JP5753369B2 - Pneumatic tire and rim assembly and motorcycle equipped with the same - Google Patents

Description

  The present invention relates to an assembly of a pneumatic tire and a rim with improved rolling resistance performance while maintaining grip properties, and a motorcycle equipped with the same.

  Regarding the fuel efficiency performance of a vehicle, the influence of tire rolling resistance is large, and the contribution rate is considered to be about 10%. Therefore, in order to reduce the fuel consumption of the vehicle, it is necessary to reduce the rolling resistance of the tire.
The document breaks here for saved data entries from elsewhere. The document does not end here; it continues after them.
(* Let $X,Y:[0,T]\to\mathbb R^2$ be $C^1$ and $\Psi:\mathbb R^2\to\mathbb R^2$ be $C^1$ with $\dot Y=\Psi(Y)$. Let $E_+=\{\Psi_1>0\}$, $E_-=\{\Psi_1<0\}$. Suppose that $X(0)=Y(0)\in E_+\cup E_-$; that for $t\in(0,T]$, $\Psi_1(X(t)),\Psi_1(Y(t))>0$ if $X(0)\in E_+$ and $\Psi_1(X(t)),\Psi_1(Y(t))<0$ if $X(0)\in E_-$; and that $\dot X\le_2\Psi(X)$ (resp. $\dot X\ge_2\Psi(X)$) on $[0,T]$. Then $f_X=X_2\circ X_1^{-1}$ and $f_Y=Y_2\circ Y_1^{-1}$ are well defined, differentiable for $u\ne X_1(0)$, and $f_X(u)\le f_Y(u)$ (resp. $f_X(u)\ge f_Y(u)$) on the intersection of their domains.
   Context: For $v,w\in\mathbb R^2$, $v\le_2w$ means $v_1=w_1$ and $v_2\le w_2$; $v\ge_2 w$ is defined analogously. *)

theory Defs
  imports "HOL-Analysis.Analysis"
begin

definition le2 :: "real \<times> real \<Rightarrow> real \<times> real \<Rightarrow> bool" where
  "le2 v w \<longleftrightarrow> fst v = fst w \<and> snd v \<le> snd w"

definition ge2 :: "real \<times> real \<Rightarrow> real \<times> real \<Rightarrow> bool" where
  "ge2 v w \<longleftrightarrow> fst v = fst w \<and> snd v \<ge> snd w"

definition graph_fun :: "real \<Rightarrow> (real \<Rightarrow> real \<times> real) \<Rightarrow> real \<Rightarrow> real" where
  "graph_fun T X = (\<lambda>u. snd (X (the_inv_into {0..T} (\<lambda>t. fst (X t)) u)))"

definition graph_dom :: "real \<Rightarrow> (real \<Rightarrow> real \<times> real) \<Rightarrow> real set" where
  "graph_dom T X = (\<lambda>t. fst (X t)) ` {0..T}"

end

theory Submission
  imports Defs
begin

text \<open>Where \<open>fst \<Psi> \<noteq> 0\<close>, the orbits of \<open>\<Psi>\<close> are graphs over the first coordinate solving the
  scalar equation \<open>f' = G u f\<close> with slope field \<open>G u y = snd (\<Psi> (u, y)) / fst (\<Psi> (u, y))\<close>.
  Since \<open>X\<^sub>1' = \<Psi>\<^sub>1(X)\<close> has constant sign, \<open>X\<^sub>1\<close> is strictly monotone and
  \<open>f\<^sub>X' = G u f\<^sub>X + (X\<^sub>2' - \<Psi>\<^sub>2(X)) / \<Psi>\<^sub>1(X)\<close>, so on the side of \<open>X\<^sub>1(0)\<close> into which the curves move
  \<open>f\<^sub>X\<close> is a sub- or supersolution, while \<open>f\<^sub>Y\<close> is a solution through the same initial point.
  As \<open>\<Psi>\<close> is \<open>C\<^sup>1\<close>, \<open>G\<close> is locally Lipschitz in \<open>y\<close>, and the classical comparison principle
  (a Gronwall estimate at the last contact point) orders the two graphs.\<close>

section \<open>Comparison principle for scalar ODEs\<close>

definition local_lipschitz_at :: "(real \<Rightarrow> real \<Rightarrow> real) \<Rightarrow> real \<Rightarrow> real \<Rightarrow> bool" where
  "local_lipschitz_at G x y \<longleftrightarrow> (\<exists>\<delta>>0. \<exists>L. \<forall>v\<in>ball x \<delta>. L-lipschitz_on (ball y \<delta>) (G v))"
  Therefore, conventionally, in order to reduce the rolling resistance of the tire, it has been proposed to employ a rubber having a small loss tangent (tan δ) for the tread rubber (see, for example, Patent Document 1). However, a rubber having a small loss tangent (tan δ) has a problem that the hysteresis loss is reduced by that amount, and the rolling frictional force is reduced. Particularly in recent years, reduction of rolling resistance is also desired for motorcycle tires. However, since motorcycles are unstable vehicles as is well known, the above-mentioned deterioration in gripping property may cause a risk of falling. There is. Therefore, in motorcycle tires, it is difficult to employ rubber having a particularly small loss tangent (tan δ), making it difficult to improve rolling resistance performance.

JP 09-150610 A

  Therefore, the present invention is based on the use of a high-humidity gas as a filling gas in the tire lumen, and an assembly of a pneumatic tire and a rim with improved rolling resistance performance while maintaining grip, and The purpose is to provide a fitted motorcycle.

In order to solve the above-mentioned problems, the invention of claim 1 of the present application fills a tire lumen surrounded by a rim and a pneumatic tire attached to the rim with a filling gas at a filling pressure of 200 to 300 kPa. With
The filling gas, in a state before filling, the filling of the high moisture material relative humidity forms 60% or more and 90.7% or less, while warming so as not to Royui at a temperature 60 ° C. under 1 atm It is characterized by being filled up to a pressure .

  The invention according to claim 2 is characterized in that the relative humidity of the filling gas is 75% or more.

According to a third aspect of the present invention, the filling gas is characterized in that a gas component other than water vapor is nitrogen gas.

According to a fourth aspect of the present invention, there is provided a motorcycle, wherein the pneumatic tire and rim assembly according to any one of the first to third aspects is mounted.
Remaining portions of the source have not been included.